Anthony W. Pollard had been living in his home for 10 years when, on April 4, 1997, he was convicted of committing a sex-related offense against a child.

Pollard had been living at the same address -- an address located within 1,000 feet of a school property, youth program center, or public park -- when the state passed its tough sex offender residency statute requiring convicted sex offenders to register their addresses with law enforcement and prohibiting them from residing within 1,000 feet of such properties.

On Jan. 26, 2007, the state charged Pollard with a Class D felony sex offender residency offense for being in violation of the 2006 sex offender residency law.

A trial court ruled in Pollard's favor and this week the Indiana Court of Appeals agreed. In essence, those courts embraced the defendant's assertion that the statute interferes with his home ownership rights and punishes him after the fact, or ex post facto, for a past offense.

But the state counters, reasonably, we think, that even if the statute does impair what might otherwise represent Pollard's home ownership rights, it does so in the cause of safeguarding "the welfare of children and society in general." And the state says the residency limitation does not represent an ex post facto law because Pollard is being charged with behavior after the implementation of the statute, not before. In other words, he is not charged with owning a home, but continuing to reside in a home in violation of defined space limitations after the law was passed.

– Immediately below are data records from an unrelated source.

lemma expected_risk_lower_prod:
  assumes min: "\<And>h'. risk h\<^sub>H \<le> risk h'"
    and \<eta>: "\<And>t. t \<ge> 1 \<Longrightarrow> 0 \<le> \<eta> t \<and> 4 * L * \<kappa>\<^sup>2 * \<eta> t \<le> 1"
    and "t \<ge> 1"
  shows "ennreal (risk h\<^sub>H + (\<Prod>s\<in>{1..<t}. 1 - 4 * L * \<kappa>\<^sup>2 * \<eta> s) * (risk 0 - risk h\<^sub>H)) \<le> expected_risk t"
  using \<open>t \<ge> 1\<close>
proof (induction t rule: nat_induct_at_least)
  case base
  show ?case
    by (simp add: expected_risk_def gen_err_eq_risk prob_space.emeasure_space_1[OF prob_space_samples])
next
  case (Suc t)
  define c where "c = 4 * L * \<kappa>\<^sup>2 * \<eta> t"
  define P where "P = (\<Prod>s\<in>{1..<t}. 1 - 4 * L * \<kappa>\<^sup>2 * \<eta> s)"
  have c: "0 \<le> c" "c \<le> 1" using \<eta>[of t] Suc L_pos unfolding c_def by auto
  have "0 \<le> P" unfolding P_def using \<eta> by (intro prod_nonneg) auto
  then have excess: "0 \<le> risk h\<^sub>H + P * (risk 0 - risk h\<^sub>H)"
    using min[of 0] risk_nonneg by simp
  have "risk h\<^sub>H + P * (1 - c) * (risk 0 - risk h\<^sub>H)
      = (1 - c) * (risk h\<^sub>H + P * (risk 0 - risk h\<^sub>H)) + c * risk h\<^sub>H"
    by (simp add: algebra_simps)
  then have "ennreal (risk h\<^sub>H + P * (1 - c) * (risk 0 - risk h\<^sub>H))
      = ennreal (1 - c) * ennreal (risk h\<^sub>H + P * (risk 0 - risk h\<^sub>H)) + ennreal (c * risk h\<^sub>H)"
    using c excess risk_nonneg[of h\<^sub>H] by (simp add: ennreal_mult ennreal_plus)
  also have "\<dots> \<le> ennreal (1 - c) * expected_risk t + ennreal (c * risk h\<^sub>H)"
    using Suc.IH unfolding P_def by (intro add_mono mult_left_mono) auto
  also have "\<dots> \<le> expected_risk (Suc t)"
    unfolding c_def using Suc \<eta>[of t] by (intro expected_risk_Suc_lower[OF min]) auto
  finally show ?case using Suc.hyps by (simp add: P_def c_def prod.atLeastLessThan_Suc)
qed

lemma not_summable_step_sizes:
  assumes min: "\<And>h'. risk h\<^sub>H \<le> risk h'"
    and \<eta>: "\<And>t. t \<ge> 1 \<Longrightarrow> 0 \<le> \<eta> t \<and> \<eta> t * (6 * L * \<kappa>\<^sup>2) \<le> 1"
    and start: "risk 0 \<noteq> risk h\<^sub>H"
    and conv: "expected_risk \<longlonglongrightarrow> ennreal (risk h\<^sub>H)"
  shows "\<not> summable (\<lambda>t. \<eta> (Suc t))"
proof
  assume summable: "summable (\<lambda>t. \<eta> (Suc t))"
  define c where "c = 4 * L * \<kappa>\<^sup>2"
  have c: "0 < c" unfolding c_def using L_pos kappa_pos by simp
  have c\<eta>: "0 \<le> c * \<eta> t \<and> c * \<eta> t \<le> 2/3" if "t \<ge> 1" for t
  proof
    show "0 \<le> c * \<eta> t" using \<eta>[OF that] c by simp
    show "c * \<eta> t \<le> 2/3" using \<eta>[OF that] unfolding c_def by (simp add: field_simps)
  qed
  have \<eta>': "0 \<le> \<eta> t \<and> 4 * L * \<kappa>\<^sup>2 * \<eta> t \<le> 1" if "t \<ge> 1" for t
    using \<eta>[OF that] c\<eta>[OF that] unfolding c_def by linarith
  define p where "p = exp (- 3 * (\<Sum>t. c * \<eta> (Suc t)))"
  have p: "p \<le> (\<Prod>s\<in>{1..<t}. 1 - c * \<eta> s)" for t
    unfolding p_def by (rule exp_sum_le_prod_one_minus[OF c\<eta> summable_mult[OF summable]])
  have excess: "0 < risk 0 - risk h\<^sub>H" using min[of 0] start by simp
  have "ennreal (risk h\<^sub>H + p * (risk 0 - risk h\<^sub>H)) \<le> ennreal (risk h\<^sub>H)"
  proof (rule LIMSEQ_le_const[OF conv], intro exI allI impI)
    fix t :: nat assume "1 \<le> t"
    have "ennreal (risk h\<^sub>H + p * (risk 0 - risk h\<^sub>H))
        \<le> ennreal (risk h\<^sub>H + (\<Prod>s\<in>{1..<t}. 1 - c * \<eta> s) * (risk 0 - risk h\<^sub>H))"
      using p excess by (intro ennreal_leI add_left_mono mult_right_mono) auto
    also have "\<dots> \<le> expected_risk t"
      using expected_risk_lower_prod[OF min \<eta>' \<open>1 \<le> t\<close>] by (simp add: c_def)
    finally show "ennreal (risk h\<^sub>H + p * (risk 0 - risk h\<^sub>H)) \<le> expected_risk t" .
  qed
  then have "p * (risk 0 - risk h\<^sub>H) \<le> 0" using risk_nonneg by (simp add: ennreal_le_iff)
  moreover have "0 < p" unfolding p_def by simp
  ultimately show False using excess by (simp add: mult_le_0_iff)
qed

end

lemma norm_feature_le_SUP:
  assumes feature: "\<forall>x\<in>X. \<forall>x'\<in>X. K x x' = inner (\<Phi> x) (\<Phi> x')"
    and bdd: "bdd_above ((\<lambda>x. sqrt (K x x)) ` X)" and x: "x \<in> X"
  shows "norm (\<Phi> x) \<le> (SUP x\<in>X. sqrt (K x x))"
  using cSUP_upper[OF x bdd] feature x by (simp add: norm_eq_sqrt_inner)

lemma norm_bound_pos_of_dense_span:
  fixes \<Phi> :: "'x \<Rightarrow> 'h::real_normed_vector" and v :: 'h
  assumes dense: "closure (span (\<Phi> ` X)) = UNIV" and "v \<noteq> 0"
    and le: "\<forall>x\<in>X. norm (\<Phi> x) \<le> \<kappa>"
  shows "\<kappa> > 0"
proof (rule ccontr)
  assume "\<not> \<kappa> > 0"
  have "norm (\<Phi> x) \<le> 0" if "x \<in> X" for x
    using le[rule_format, OF that] \<open>\<not> \<kappa> > 0\<close> by linarith
  then have "\<Phi> ` X \<subseteq> {0}" by auto
  then have "span (\<Phi> ` X) \<subseteq> {0}" by (metis span_mono span_empty span_insert_0)
  then have "closure (span (\<Phi> ` X)) \<subseteq> {0}" by (metis closure_minimal closed_singleton)
  then show False using dense \<open>v \<noteq> 0\<close> by blast
qed
lemma orbit_bounded: "x \<in> X \<Longrightarrow> orbit x \<in> bounded_seqs"
  using h_ratio[OF x0 _ x1 x01] h_in
  by (auto simp: bounded_seqs_def sdist_def orbit_def scale_eq base_eq X.commute)

lemma sdist_orbit_le:
  assumes "x \<in> X" "y \<in> X" "w \<in> X" "x \<noteq> y"
  shows "sdist (orbit x) (orbit w) n \<le> e (d x w / d x y) * sdist (orbit x) (orbit y) n"
proof -
  have "d (h n x) (h n w) / d (h n x) (h n y) \<le> e (d x w / d x y)"
    using h_ratio assms by blast
  then have "d (h n x) (h n w) \<le> e (d x w / d x y) * d (h n x) (h n y)"
    using h_dist_pos[OF assms(1,2,4)] by (simp add: pos_divide_le_eq)
  then have "d (h n x) (h n w) / scale n \<le> e (d x w / d x y) * d (h n x) (h n y) / scale n"
    using scale_pos[of n] by (simp add: divide_right_mono less_imp_le)
  then show ?thesis
    by (simp add: sdist_def orbit_def)
qed

lemma sdist_orbit_pair: "sdist (orbit x0) (orbit x1) n = 1"
  using scale_pos[of n] by (simp add: sdist_def orbit_def scale_eq)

If this ruling were to stand, it could shake the fundamental public safety underpinnings and moral certitude of the sex offender registry: A statute carefully crafted to reflect alarming rates of recidivism among sex offenders, a tradition of underreporting of these kinds of offenses and the special vulnerability of children as victims of those offenses. Estimates are that convicted sex offenders are four times more likely to be repeat offenders than criminal felons convicted of robbery, murder, assault or other serious crimes.
- What alarming rate of recidivism? This is false. Many studies show the recidivism rate of sexual offenders is LOW, despite what you are saying here.

The lower courts' judgment needs to proceed on appeal to the Indiana Supreme Court or the federal courts for added review and some legal clarity.

This is an area where the courts second-guess legislative intent at society's substantial peril.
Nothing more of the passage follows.